What you have to do
Only the lines from the one with "B) ^ length" onward are wanted, through the last line of the entries, set down exactly.

[[ Supplied material, beginning ]]

lemma slot_moment_slot_contents_eq_poly:
  assumes unital: "\<rho> 1 = 1"
  shows "length zs \<le> N \<Longrightarrow>
    slot_moment \<rho> N bs (slot_contents zs) = poly (moment_poly \<rho> bs zs) (of_nat (N - length zs))"
proof (induction bs arbitrary: zs)
  case Nil
  have "(\<Prod>t<N. \<rho> (slot_contents zs t)) = (\<Prod>j<length zs. \<rho> (fst (zs ! j)))"
    using Nil by (intro prod.mono_neutral_cong_right) (auto simp: slot_contents_def unital)
  then show ?case
    by (simp add: slot_moment_def)
next
  case (Cons b bs)
  have opened: "of_nat (N - length zs) * slot_moment \<rho> N bs (slot_contents (zs @ [(b, True)])) =
      poly (pCons 0 (pcompose (moment_poly \<rho> bs (zs @ [(b, True)])) [:-1, 1:])) (of_nat (N - length zs))"
  proof (cases "length zs = N")
    case False
    with Cons.prems have "length (zs @ [(b, True)]) \<le> N"
      by simp
    then show ?thesis
      by (simp add: Cons.IH poly_pcompose of_nat_diff) (simp add: algebra_simps)
  qed simp
  show ?case
    unfolding slot_moment_Cons_slot_contents[OF Cons.prems] opened
    using Cons.prems by (simp add: Cons.IH poly_sum)
qed

text \<open>A slot holding a lone centered letter contributes \<open>0\<close>, so every non-vanishing
  placement puts at least two letters into each occupied slot; hence the degree in the number
  of empty slots is at most half the number of letters.\<close>

lemma coeff_moment_poly_eq_0:
  assumes "\<forall>(x, lone)\<in>set zs. lone \<longrightarrow> \<rho> x = 0"
    and "\<forall>b\<in>set bs. \<rho> b = 0"
    and "length bs < 2 * i + singletons zs"
  shows "coeff (moment_poly \<rho> bs zs) i = 0"
  using assms
proof (induction bs arbitrary: zs i)
  case Nil
  show ?case
  proof (cases i)
    case 0
    with Nil.prems obtain j where "j < length zs" "snd (zs ! j)"
      by (auto simp: singletons_def filter_empty_conv in_set_conv_nth)
    with Nil.prems(1) have "\<rho> (fst (zs ! j)) = 0"
      by (metis (mono_tags, lifting) case_prodE nth_mem prod.sel)
    with \<open>j < length zs\<close> show ?thesis
      by (simp add: 0) (blast intro: prod_zero)
  qed simp
next
  case (Cons b bs)
  have filled: "coeff (moment_poly \<rho> bs (fill_slot zs j b)) i = 0" if "j < length zs" for j
  proof (rule Cons.IH)
    show "\<forall>(x, lone)\<in>set (fill_slot zs j b). lone \<longrightarrow> \<rho> x = 0"
      using Cons.prems(1) set_update_subset_insert[of zs j] by (fastforce simp: fill_slot_def)
    show "length bs < 2 * i + singletons (fill_slot zs j b)"
      using singletons_fill_slot[OF that, of b] Cons.prems(3) by (simp split: if_splits)
  qed (use Cons.prems(2) in simp)
  have opened: "coeff (pCons 0 (pcompose (moment_poly \<rho> bs (zs @ [(b, True)])) [:-1, 1:])) i = 0"
  proof (cases i)
    case (Suc i')
    have "coeff (moment_poly \<rho> bs (zs @ [(b, True)])) j = 0" if "i' \<le> j" for j
      using that Cons.prems Suc by (intro Cons.IH) auto
    then show ?thesis
      by (simp add: Suc coeff_pcompose_shift_eq_0)
  qed simp
  show ?case
    by (simp add: coeff_sum filled opened)
qed

lemma degree_moment_poly:
  assumes "\<forall>b\<in>set bs. \<rho> b = 0"
  shows "degree (moment_poly \<rho> bs []) \<le> length bs div 2"
  using assms by (intro degree_le allI impI coeff_moment_poly_eq_0) (auto simp: singletons_def)

text \<open>The top coefficient only sees the placements that pair each letter with a singleton
  or open a new slot.\<close>

lemma coeff_moment_poly_Cons_top:
  assumes zs: "\<forall>(x, lone)\<in>set zs. lone \<longrightarrow> \<rho> x = 0"
    and bs: "\<forall>c\<in>set (b # bs). \<rho> c = 0"
    and top: "Suc (length bs) = 2 * h + singletons zs"
  shows "coeff (moment_poly \<rho> (b # bs) zs) h =
    (\<Sum>j | j < length zs \<and> snd (zs ! j). coeff (moment_poly \<rho> bs (fill_slot zs j b)) h) +
    (if h = 0 then 0 else coeff (moment_poly \<rho> bs (zs @ [(b, True)])) (h - 1))"
proof -
  have zs_fill: "\<forall>(x, lone)\<in>set (fill_slot zs j b). lone \<longrightarrow> \<rho> x = 0" for j
    using zs set_update_subset_insert[of zs j] by (fastforce simp: fill_slot_def)
  have "coeff (moment_poly \<rho> bs (fill_slot zs j b)) h = 0"
    if "j < length zs" "\<not> snd (zs ! j)" for j
    using that singletons_fill_slot[OF that(1), of b] top bs
    by (intro coeff_moment_poly_eq_0 zs_fill) auto
  then have filled: "(\<Sum>j<length zs. coeff (moment_poly \<rho> bs (fill_slot zs j b)) h) =
      (\<Sum>j | j < length zs \<and> snd (zs ! j). coeff (moment_poly \<rho> bs (fill_slot zs j b)) h)"
    by (intro sum.mono_neutral_right) auto
  have opened: "coeff (pCons 0 (pcompose (moment_poly \<rho> bs (zs @ [(b, True)])) [:-1, 1:])) h =
      (if h = 0 then 0 else coeff (moment_poly \<rho> bs (zs @ [(b, True)])) (h - 1))"
  proof (cases h)
    case (Suc h')
    have "degree (moment_poly \<rho> bs (zs @ [(b, True)])) \<le> h'"
      using zs bs top Suc by (intro degree_le allI impI coeff_moment_poly_eq_0) auto
    then show ?thesis
      by (simp add: Suc coeff_pcompose_shift_degree)
  qed simp
  show ?thesis
    by (simp add: coeff_sum filled opened)
qed

lemma fact_pairing_recurrence:
  assumes "Suc n = 2 * h + s"
  shows "of_nat s * (fact n / (2 ^ h * fact h)) +
      (if h = 0 then 0 else fact n / (2 ^ (h - 1) * fact (h - 1))) =
    (fact (Suc n) / (2 ^ h * fact h) :: 'a::field_char_0)"
proof (cases h)
  case 0
  with assms have "s = Suc n"
    by simp
  with 0 show ?thesis
    by simp
next
  case (Suc h')
  define X where "X = fact n / (2 ^ h * fact h :: 'a)"
  have double: "(2 :: 'a) ^ h * fact h = of_nat (2 * h) * (2 ^ h' * fact h')"
    by (simp add: Suc algebra_simps)
  have "(of_nat (2 * h) :: 'a) \<noteq> 0"
    by (simp only: of_nat_eq_0_iff) (simp add: Suc)
  moreover have "(2 :: 'a) ^ h' * fact h' \<noteq> 0"
    by simp
  ultimately have halved: "fact n / (2 ^ h' * fact h') = of_nat (2 * h) * X"
    unfolding X_def double by (simp del: of_nat_mult)
  have "h \<noteq> 0" "h - 1 = h'"
    using Suc by simp_all
  then have "of_nat s * X + (if h = 0 then 0 else fact n / (2 ^ (h - 1) * fact (h - 1))) =
      (of_nat s + of_nat (2 * h)) * X"
    by (simp only: if_False halved distrib_right)
  also have "of_nat s + of_nat (2 * h) = (of_nat (Suc n) :: 'a)"
    using assms by (simp only: of_nat_add [symmetric]) simp
  finally show ?thesis
    by (simp add: X_def)
qed

definition paired_slots :: "'a::ring_1 \<Rightarrow> ('a \<times> bool) list \<Rightarrow> bool"
  where "paired_slots B zs \<longleftrightarrow> (\<forall>(x, lone)\<in>set zs. x = (if lone then B else B * B))"

lemma paired_slots_append_True [simp]: "paired_slots B (zs @ [(B, True)]) \<longleftrightarrow> paired_slots B zs"
  by (auto simp: paired_slots_def)

lemma paired_slots_fill_slot:
  assumes "paired_slots B zs" "j < length zs" "snd (zs ! j)"
  shows "paired_slots B (fill_slot zs j B)"
proof -
  have "zs ! j = (B, True)"
    using assms by (auto simp: paired_slots_def dest!: nth_mem)
  then show ?thesis
    using assms(1) set_update_subset_insert[of zs j] by (fastforce simp: paired_slots_def fill_slot_def)
qed

lemma prod_paired_slots:
  assumes "paired_slots B zs" "singletons zs = 0"
  shows "(\<Prod>j<length zs. \<rho> (fst (zs ! j))) = \<rho> (B * B) ^ length zs"
proof -
  have "fst (zs ! j) = B * B" if "j < length zs" for j
  proof -
    from that assms have "\<not> snd (zs ! j)" "case zs ! j of (x, lone) \<Rightarrow> x = (if lone then B else B * B)"
      by (auto simp: paired_slots_def singletons_def filter_empty_conv)
    then show ?thesis
      by (auto split: prod.splits)
  qed
  then show ?thesis
    by simp
qed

[[ Supplied material, end ]]

Response
  shows "(\<Prod>j<length zs. \<rho> (fst (zs ! j))) = \<rho> (B * B) ^ length zs"
proof -
  have "fst (zs ! j) = B * B" if "j < length zs" for j
  proof -
    from that assms have "\<not> snd (zs ! j)" "case zs ! j of (x, lone) \<Rightarrow> x = (if lone then B else B * B)"
      by (auto simp: paired_slots_def singletons_def filter_empty_conv)
    then show ?thesis
      by (auto split: prod.splits)
  qed
  then show ?thesis
    by simp
qed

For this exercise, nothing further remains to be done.